EXERCISE REQUIREMENTS:
For the entries below, print exactly the lines between the line holding "E = complete_split_graph" and the line holding "(rule simple_graph_complete_split_graph[OF assms(1)])", inclusive, and nothing else.

DATA TO USE:
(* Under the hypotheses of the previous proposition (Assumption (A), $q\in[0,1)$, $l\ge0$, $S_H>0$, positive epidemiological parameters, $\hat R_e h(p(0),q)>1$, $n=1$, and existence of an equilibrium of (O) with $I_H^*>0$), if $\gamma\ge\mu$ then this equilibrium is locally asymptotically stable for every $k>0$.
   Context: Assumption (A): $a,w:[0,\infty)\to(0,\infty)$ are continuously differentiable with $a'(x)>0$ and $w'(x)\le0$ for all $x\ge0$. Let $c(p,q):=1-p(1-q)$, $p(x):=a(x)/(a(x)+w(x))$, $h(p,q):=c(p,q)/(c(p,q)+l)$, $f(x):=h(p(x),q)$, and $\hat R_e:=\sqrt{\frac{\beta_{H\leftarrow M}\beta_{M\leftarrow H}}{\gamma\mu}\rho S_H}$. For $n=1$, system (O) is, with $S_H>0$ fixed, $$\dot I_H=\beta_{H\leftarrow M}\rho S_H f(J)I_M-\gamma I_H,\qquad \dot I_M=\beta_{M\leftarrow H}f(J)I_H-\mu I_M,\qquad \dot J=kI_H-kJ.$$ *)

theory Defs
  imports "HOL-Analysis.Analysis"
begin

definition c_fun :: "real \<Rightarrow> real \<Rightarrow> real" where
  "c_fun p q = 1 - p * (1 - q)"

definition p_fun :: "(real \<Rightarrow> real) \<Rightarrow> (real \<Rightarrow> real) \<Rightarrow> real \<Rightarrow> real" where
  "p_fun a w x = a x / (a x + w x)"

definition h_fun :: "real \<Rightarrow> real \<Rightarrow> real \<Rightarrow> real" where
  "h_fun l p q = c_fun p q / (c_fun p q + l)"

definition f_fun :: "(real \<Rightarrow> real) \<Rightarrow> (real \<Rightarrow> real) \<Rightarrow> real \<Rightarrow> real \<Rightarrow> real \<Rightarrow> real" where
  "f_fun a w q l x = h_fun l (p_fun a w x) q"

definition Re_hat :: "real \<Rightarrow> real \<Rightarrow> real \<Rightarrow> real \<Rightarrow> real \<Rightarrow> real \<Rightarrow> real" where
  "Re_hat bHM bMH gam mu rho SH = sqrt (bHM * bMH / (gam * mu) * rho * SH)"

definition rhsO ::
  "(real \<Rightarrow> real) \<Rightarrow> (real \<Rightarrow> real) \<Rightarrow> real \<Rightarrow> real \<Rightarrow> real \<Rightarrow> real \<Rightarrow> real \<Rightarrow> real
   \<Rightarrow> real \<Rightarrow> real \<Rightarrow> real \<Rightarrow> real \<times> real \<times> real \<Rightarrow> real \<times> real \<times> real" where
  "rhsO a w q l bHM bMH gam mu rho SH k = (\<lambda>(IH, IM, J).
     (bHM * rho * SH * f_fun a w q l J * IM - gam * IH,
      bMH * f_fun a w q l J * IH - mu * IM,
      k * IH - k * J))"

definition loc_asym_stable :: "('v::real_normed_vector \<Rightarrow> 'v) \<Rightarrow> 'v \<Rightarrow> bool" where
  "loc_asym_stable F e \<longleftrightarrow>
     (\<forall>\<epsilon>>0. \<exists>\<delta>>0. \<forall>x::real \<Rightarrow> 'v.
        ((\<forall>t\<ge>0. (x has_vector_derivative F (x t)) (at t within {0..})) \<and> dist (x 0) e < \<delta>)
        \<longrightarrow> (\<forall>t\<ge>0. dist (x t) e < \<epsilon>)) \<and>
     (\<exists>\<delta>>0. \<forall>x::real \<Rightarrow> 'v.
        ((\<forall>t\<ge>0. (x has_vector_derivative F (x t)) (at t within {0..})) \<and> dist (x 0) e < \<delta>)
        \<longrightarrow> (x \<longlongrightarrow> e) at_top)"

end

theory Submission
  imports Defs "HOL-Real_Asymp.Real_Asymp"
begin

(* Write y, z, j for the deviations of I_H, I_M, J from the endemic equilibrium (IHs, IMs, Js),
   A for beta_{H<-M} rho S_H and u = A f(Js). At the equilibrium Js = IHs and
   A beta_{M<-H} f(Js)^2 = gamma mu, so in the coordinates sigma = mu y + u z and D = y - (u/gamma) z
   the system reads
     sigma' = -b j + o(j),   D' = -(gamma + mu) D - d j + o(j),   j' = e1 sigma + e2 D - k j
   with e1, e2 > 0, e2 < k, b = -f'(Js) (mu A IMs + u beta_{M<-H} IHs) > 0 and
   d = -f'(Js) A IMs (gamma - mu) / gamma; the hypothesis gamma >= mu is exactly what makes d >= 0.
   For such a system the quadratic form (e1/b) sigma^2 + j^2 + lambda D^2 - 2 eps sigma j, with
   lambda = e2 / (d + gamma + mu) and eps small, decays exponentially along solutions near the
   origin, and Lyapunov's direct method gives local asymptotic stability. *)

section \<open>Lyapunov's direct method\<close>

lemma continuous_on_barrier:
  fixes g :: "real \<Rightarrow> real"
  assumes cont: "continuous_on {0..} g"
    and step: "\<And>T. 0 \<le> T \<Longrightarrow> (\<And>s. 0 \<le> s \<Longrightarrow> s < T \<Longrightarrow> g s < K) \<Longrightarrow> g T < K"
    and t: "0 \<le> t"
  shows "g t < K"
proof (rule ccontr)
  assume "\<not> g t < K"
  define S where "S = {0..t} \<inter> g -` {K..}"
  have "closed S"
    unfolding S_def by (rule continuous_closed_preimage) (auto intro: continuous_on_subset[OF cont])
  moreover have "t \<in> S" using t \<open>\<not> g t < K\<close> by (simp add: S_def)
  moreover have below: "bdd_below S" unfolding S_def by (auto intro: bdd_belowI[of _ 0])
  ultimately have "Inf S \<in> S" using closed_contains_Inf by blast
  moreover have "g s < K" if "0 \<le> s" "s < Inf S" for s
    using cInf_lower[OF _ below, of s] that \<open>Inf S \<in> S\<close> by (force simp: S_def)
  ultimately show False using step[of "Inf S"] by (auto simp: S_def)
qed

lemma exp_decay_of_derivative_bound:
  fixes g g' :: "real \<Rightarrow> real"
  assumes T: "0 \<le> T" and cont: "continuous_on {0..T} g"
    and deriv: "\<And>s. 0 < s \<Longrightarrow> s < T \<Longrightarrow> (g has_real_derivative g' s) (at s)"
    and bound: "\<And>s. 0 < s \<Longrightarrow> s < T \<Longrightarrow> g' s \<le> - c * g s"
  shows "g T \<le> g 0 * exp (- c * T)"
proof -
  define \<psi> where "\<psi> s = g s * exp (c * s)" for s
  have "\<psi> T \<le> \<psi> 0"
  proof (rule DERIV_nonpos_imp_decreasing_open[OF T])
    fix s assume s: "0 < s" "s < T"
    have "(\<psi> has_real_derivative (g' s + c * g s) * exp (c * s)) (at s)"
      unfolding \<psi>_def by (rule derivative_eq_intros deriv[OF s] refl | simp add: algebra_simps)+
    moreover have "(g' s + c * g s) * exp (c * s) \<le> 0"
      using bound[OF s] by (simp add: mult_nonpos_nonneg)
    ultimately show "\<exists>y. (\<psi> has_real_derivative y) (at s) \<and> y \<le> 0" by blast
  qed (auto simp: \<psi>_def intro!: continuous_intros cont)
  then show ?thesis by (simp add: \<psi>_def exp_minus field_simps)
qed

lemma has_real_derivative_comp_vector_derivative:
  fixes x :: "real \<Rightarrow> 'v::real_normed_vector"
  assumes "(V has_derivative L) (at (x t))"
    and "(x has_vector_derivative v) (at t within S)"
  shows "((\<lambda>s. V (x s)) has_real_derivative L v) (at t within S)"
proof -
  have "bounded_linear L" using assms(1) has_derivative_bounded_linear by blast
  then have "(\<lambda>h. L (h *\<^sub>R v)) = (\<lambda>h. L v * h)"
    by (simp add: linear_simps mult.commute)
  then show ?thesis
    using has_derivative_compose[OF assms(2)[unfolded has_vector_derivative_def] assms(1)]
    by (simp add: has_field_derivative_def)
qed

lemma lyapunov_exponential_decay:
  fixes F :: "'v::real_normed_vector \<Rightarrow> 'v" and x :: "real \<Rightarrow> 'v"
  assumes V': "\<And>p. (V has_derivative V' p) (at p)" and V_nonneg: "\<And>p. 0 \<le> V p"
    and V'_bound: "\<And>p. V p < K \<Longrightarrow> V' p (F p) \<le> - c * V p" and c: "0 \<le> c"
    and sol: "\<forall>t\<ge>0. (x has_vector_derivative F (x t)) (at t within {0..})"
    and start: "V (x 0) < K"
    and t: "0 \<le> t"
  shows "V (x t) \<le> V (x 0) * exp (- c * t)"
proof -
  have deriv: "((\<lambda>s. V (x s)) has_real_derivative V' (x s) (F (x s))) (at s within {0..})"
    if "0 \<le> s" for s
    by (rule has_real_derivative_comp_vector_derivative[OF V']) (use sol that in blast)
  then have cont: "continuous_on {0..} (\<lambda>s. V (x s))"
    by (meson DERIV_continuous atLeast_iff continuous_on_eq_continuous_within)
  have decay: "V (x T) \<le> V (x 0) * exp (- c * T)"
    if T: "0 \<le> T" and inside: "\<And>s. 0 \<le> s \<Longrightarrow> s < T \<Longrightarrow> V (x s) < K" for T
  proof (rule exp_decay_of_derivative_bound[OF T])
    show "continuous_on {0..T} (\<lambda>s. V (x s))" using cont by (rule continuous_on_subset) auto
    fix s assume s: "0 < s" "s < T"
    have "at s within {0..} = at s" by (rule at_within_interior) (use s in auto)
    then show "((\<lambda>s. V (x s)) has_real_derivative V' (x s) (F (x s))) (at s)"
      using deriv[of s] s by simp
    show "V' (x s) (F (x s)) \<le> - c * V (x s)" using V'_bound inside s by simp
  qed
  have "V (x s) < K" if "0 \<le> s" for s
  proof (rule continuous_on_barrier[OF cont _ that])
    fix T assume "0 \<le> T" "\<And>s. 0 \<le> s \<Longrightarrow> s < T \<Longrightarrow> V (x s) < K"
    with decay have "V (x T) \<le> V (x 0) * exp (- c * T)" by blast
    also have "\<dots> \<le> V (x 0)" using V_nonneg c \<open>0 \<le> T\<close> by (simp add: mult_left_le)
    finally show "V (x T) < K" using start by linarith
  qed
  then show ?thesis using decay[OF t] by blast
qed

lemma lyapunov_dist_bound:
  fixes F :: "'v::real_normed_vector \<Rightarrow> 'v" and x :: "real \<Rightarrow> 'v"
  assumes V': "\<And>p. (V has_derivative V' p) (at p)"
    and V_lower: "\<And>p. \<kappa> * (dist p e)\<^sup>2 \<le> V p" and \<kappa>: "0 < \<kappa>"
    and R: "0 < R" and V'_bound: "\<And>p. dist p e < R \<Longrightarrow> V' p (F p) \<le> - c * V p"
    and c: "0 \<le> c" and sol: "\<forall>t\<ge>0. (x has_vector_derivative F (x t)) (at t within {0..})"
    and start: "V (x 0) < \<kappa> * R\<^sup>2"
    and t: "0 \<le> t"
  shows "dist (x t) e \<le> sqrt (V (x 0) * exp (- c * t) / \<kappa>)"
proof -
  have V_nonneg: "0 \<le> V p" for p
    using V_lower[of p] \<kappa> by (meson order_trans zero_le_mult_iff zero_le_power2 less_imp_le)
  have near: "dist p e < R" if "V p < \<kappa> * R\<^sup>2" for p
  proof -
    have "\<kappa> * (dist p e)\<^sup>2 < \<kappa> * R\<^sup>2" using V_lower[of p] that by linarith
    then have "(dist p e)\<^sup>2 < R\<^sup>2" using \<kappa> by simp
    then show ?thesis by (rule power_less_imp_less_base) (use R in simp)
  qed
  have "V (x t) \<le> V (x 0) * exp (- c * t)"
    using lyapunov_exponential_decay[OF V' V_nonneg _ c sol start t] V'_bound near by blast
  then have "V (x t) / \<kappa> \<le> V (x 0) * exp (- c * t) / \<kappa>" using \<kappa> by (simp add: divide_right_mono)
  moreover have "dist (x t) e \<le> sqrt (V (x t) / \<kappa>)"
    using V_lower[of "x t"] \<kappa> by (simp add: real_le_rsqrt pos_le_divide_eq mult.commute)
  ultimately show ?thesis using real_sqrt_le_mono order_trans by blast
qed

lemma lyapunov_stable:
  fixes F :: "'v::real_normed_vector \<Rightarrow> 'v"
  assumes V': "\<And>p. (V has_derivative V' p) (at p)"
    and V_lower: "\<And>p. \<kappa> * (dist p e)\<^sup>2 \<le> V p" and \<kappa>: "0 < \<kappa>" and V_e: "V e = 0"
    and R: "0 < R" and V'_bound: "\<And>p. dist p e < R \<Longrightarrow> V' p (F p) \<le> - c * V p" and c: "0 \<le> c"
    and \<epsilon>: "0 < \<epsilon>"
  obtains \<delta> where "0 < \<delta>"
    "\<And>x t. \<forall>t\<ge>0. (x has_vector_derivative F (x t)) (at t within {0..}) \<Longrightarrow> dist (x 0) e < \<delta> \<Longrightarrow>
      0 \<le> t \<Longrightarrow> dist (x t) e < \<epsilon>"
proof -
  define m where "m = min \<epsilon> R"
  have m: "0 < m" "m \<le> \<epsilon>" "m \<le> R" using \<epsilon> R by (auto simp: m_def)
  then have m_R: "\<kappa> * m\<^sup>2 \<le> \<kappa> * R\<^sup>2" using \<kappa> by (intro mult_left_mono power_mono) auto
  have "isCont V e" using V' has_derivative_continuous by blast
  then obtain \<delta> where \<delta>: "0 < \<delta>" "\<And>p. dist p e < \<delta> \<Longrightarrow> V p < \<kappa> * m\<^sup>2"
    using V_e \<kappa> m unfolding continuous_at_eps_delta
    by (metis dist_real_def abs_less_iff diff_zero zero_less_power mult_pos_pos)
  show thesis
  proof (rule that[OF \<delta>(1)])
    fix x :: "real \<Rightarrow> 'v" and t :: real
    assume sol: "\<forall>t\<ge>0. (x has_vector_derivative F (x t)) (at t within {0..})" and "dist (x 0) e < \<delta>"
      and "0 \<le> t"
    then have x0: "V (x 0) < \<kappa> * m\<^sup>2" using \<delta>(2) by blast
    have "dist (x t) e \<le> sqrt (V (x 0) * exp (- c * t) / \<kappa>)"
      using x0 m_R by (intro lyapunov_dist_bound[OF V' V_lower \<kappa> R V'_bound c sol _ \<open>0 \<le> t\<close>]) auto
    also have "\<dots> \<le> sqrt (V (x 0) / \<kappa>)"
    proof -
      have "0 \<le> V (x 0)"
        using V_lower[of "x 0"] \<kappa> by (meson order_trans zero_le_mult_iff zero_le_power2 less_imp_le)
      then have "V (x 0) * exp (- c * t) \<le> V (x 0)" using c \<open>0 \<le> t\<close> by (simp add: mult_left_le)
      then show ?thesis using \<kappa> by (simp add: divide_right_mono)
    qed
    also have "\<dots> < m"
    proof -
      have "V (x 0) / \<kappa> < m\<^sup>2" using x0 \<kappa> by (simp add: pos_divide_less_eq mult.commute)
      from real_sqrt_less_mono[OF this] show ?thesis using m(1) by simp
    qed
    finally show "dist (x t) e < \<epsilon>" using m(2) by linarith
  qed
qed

* * *

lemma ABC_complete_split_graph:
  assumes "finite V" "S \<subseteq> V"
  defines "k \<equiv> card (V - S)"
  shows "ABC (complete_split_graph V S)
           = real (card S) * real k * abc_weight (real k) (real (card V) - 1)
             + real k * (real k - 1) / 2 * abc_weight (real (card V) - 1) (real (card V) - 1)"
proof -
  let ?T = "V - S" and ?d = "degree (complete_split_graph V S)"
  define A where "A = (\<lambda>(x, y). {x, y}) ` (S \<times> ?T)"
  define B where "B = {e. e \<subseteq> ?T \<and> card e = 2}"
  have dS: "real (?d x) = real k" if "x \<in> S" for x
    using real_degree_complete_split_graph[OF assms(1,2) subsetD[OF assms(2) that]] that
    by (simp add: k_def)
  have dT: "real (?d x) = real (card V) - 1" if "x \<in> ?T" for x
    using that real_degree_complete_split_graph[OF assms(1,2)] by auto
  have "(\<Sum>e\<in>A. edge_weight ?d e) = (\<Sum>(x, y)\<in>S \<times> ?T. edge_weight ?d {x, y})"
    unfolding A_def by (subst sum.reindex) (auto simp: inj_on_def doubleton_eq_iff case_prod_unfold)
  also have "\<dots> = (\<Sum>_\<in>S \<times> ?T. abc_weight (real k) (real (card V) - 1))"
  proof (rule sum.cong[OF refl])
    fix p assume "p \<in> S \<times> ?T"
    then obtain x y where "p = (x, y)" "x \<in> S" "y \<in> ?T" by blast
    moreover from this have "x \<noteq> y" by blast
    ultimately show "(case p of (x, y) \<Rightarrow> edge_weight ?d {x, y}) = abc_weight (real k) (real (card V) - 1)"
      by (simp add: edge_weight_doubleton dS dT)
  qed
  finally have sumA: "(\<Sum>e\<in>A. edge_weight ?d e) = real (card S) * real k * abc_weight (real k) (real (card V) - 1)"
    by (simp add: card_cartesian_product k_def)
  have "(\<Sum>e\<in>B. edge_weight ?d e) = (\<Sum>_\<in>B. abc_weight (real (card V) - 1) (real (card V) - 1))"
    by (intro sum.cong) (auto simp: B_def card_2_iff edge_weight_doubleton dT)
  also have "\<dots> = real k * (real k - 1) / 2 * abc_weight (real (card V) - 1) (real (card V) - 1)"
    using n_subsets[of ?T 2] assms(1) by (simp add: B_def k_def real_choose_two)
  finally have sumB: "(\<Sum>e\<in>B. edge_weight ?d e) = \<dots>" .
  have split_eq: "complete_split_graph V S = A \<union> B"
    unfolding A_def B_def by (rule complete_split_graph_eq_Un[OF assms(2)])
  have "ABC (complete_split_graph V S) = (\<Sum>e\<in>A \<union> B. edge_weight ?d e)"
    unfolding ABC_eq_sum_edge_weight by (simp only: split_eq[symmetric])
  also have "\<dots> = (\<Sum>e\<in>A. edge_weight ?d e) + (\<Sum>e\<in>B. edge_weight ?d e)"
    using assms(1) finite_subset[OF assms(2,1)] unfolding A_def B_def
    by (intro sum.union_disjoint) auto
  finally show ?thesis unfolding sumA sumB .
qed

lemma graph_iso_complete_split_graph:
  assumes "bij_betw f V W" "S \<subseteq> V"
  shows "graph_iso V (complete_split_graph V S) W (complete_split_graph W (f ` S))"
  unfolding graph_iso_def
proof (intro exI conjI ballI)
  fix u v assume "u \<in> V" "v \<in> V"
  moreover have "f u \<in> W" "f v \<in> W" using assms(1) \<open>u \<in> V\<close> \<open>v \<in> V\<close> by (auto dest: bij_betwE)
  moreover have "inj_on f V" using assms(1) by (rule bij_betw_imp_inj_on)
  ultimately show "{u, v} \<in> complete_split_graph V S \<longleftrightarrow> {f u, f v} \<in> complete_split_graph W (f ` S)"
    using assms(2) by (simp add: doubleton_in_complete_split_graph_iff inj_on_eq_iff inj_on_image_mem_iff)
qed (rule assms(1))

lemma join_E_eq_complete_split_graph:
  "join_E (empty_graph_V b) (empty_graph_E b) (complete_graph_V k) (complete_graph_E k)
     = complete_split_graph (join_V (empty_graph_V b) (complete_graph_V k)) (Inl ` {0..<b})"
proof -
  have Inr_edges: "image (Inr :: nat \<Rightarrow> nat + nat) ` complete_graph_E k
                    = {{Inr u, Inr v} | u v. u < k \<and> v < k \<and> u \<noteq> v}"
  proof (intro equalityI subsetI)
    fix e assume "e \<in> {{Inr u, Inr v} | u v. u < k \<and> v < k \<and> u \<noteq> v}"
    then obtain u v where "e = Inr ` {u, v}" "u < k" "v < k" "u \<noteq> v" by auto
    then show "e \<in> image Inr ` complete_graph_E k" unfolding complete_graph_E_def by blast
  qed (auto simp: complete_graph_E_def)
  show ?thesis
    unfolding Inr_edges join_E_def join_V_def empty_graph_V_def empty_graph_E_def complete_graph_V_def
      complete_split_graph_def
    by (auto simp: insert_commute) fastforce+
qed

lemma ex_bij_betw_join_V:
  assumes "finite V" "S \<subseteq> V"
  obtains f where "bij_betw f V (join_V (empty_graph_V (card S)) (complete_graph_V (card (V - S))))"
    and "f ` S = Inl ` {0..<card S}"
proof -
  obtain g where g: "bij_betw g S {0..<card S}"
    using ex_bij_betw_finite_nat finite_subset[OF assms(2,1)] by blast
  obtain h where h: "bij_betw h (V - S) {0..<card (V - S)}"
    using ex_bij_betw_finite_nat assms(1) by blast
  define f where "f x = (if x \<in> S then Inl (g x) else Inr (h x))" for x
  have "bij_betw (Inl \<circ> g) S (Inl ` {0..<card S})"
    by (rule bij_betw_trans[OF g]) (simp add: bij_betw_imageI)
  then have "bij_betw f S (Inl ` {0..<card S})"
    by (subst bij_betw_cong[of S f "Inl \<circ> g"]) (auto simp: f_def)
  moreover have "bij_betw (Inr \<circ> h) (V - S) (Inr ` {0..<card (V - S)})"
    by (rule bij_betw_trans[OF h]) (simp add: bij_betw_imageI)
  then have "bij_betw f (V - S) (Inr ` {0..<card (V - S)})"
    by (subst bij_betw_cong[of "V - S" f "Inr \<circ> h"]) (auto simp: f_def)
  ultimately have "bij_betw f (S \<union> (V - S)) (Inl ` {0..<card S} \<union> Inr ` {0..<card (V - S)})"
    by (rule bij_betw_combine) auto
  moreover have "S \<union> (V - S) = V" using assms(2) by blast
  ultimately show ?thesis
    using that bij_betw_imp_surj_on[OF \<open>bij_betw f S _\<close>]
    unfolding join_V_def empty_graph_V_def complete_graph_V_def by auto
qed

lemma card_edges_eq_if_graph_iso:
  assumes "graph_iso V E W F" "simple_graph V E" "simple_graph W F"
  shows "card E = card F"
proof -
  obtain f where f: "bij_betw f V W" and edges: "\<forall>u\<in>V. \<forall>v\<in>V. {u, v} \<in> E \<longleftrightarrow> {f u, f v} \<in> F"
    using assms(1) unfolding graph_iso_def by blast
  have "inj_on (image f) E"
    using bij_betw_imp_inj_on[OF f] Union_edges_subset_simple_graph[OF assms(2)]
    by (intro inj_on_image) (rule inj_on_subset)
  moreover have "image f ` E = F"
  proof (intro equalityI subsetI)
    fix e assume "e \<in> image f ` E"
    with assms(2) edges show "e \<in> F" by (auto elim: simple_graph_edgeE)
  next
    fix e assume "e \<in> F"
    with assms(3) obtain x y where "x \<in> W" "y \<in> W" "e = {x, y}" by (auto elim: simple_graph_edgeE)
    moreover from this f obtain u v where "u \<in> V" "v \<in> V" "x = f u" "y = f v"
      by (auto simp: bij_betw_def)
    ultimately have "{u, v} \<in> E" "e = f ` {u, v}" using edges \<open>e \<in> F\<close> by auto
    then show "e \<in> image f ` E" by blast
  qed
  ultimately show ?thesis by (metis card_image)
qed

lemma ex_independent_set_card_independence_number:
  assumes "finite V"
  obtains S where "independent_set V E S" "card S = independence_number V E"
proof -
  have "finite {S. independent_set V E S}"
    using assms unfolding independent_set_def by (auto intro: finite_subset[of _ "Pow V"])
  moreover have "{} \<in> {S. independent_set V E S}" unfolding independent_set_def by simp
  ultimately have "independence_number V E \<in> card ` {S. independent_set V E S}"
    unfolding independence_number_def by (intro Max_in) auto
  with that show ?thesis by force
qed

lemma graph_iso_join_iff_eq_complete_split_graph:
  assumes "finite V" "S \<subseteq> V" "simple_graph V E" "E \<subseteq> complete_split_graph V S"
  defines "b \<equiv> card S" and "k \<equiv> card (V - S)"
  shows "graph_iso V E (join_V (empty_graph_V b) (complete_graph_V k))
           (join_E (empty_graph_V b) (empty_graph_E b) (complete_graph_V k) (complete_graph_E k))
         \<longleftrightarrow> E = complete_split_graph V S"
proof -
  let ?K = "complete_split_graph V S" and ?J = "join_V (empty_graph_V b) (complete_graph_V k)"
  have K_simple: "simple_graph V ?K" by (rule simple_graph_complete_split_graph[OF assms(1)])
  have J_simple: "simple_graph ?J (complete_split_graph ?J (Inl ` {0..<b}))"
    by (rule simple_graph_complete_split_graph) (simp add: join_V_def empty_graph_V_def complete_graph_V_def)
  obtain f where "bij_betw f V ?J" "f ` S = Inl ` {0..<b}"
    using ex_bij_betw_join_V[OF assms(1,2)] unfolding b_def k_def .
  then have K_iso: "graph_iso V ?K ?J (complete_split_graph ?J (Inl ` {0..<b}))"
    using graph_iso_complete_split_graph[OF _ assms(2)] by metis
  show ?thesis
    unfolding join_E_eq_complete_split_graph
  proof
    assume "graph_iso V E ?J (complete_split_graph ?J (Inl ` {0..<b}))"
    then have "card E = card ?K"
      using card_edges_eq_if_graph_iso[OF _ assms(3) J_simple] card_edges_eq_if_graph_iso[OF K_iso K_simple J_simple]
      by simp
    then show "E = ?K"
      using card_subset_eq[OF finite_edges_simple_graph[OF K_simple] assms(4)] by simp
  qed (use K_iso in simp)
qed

SOLUTION BELOW:
         \<longleftrightarrow> E = complete_split_graph V S"
proof -
  let ?K = "complete_split_graph V S" and ?J = "join_V (empty_graph_V b) (complete_graph_V k)"
  have K_simple: "simple_graph V ?K" by (rule simple_graph_complete_split_graph[OF assms(1)])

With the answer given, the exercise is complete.